• [About this exercise]:
Look over the entries that follow and work out how many lines contain "bool". State the number only.

• [Dataset excerpts]:
(* The poset $(\mathcal C_n,\preceq)$ is graded and its rank (the length of any maximal chain) equals $$\frac{9n^5-10n^3+4^{1+(-1)^n}\,n}{240}.$$
   Context: Let $[0,n]=\{0,\dots,n\}$. A corner-sum hypermatrix of order $n$ is an integer array $C=(C_{i,j,k})_{i,j,k\in[0,n]}$ such that for all $i,j\in[0,n]$: $C_{i,j,0}=C_{i,0,j}=C_{0,i,j}=0$, $C_{i,j,n}=C_{i,n,j}=C_{n,i,j}=ij$, and for all $k\in\{1,\dots,n\}$ each of $C_{i,j,k}-C_{i,j,k-1}$, $C_{i,k,j}-C_{i,k-1,j}$, $C_{k,i,j}-C_{k-1,i,j}$ is an integer in $\{\max(0,i+j-n),\dots,\min(i,j)\}$. $\mathcal C_n$ is the set of these, ordered by $C\preceq D$ iff $C\ge D$ entrywise. *)

theory Defs
  imports Complex_Main
begin

(* Hypermatrices are total functions nat => nat => nat => int; only indices in [0,n]
   matter, and we normalise by requiring the entries outside [0,n]^3 to be 0. *)

definition step_ok :: "nat \<Rightarrow> nat \<Rightarrow> nat \<Rightarrow> int \<Rightarrow> bool" where
  "step_ok n i j d \<longleftrightarrow> max 0 (int i + int j - int n) \<le> d \<and> d \<le> int (min i j)"

definition corner_sum :: "nat \<Rightarrow> (nat \<Rightarrow> nat \<Rightarrow> nat \<Rightarrow> int) \<Rightarrow> bool" where
  "corner_sum n C \<longleftrightarrow>
     (\<forall>i j k. (n < i \<or> n < j \<or> n < k) \<longrightarrow> C i j k = 0) \<and>
     (\<forall>i\<le>n. \<forall>j\<le>n. C i j 0 = 0 \<and> C i 0 j = 0 \<and> C 0 i j = 0) \<and>
     (\<forall>i\<le>n. \<forall>j\<le>n. C i j n = int (i * j) \<and> C i n j = int (i * j) \<and> C n i j = int (i * j)) \<and>
     (\<forall>i\<le>n. \<forall>j\<le>n. \<forall>k\<in>{1..n}.
        step_ok n i j (C i j k - C i j (k - 1)) \<and>
        step_ok n i j (C i k j - C i (k - 1) j) \<and>
        step_ok n i j (C k i j - C (k - 1) i j))"

definition CS :: "nat \<Rightarrow> (nat \<Rightarrow> nat \<Rightarrow> nat \<Rightarrow> int) set" where
  "CS n = {C. corner_sum n C}"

• [Written solution]:
2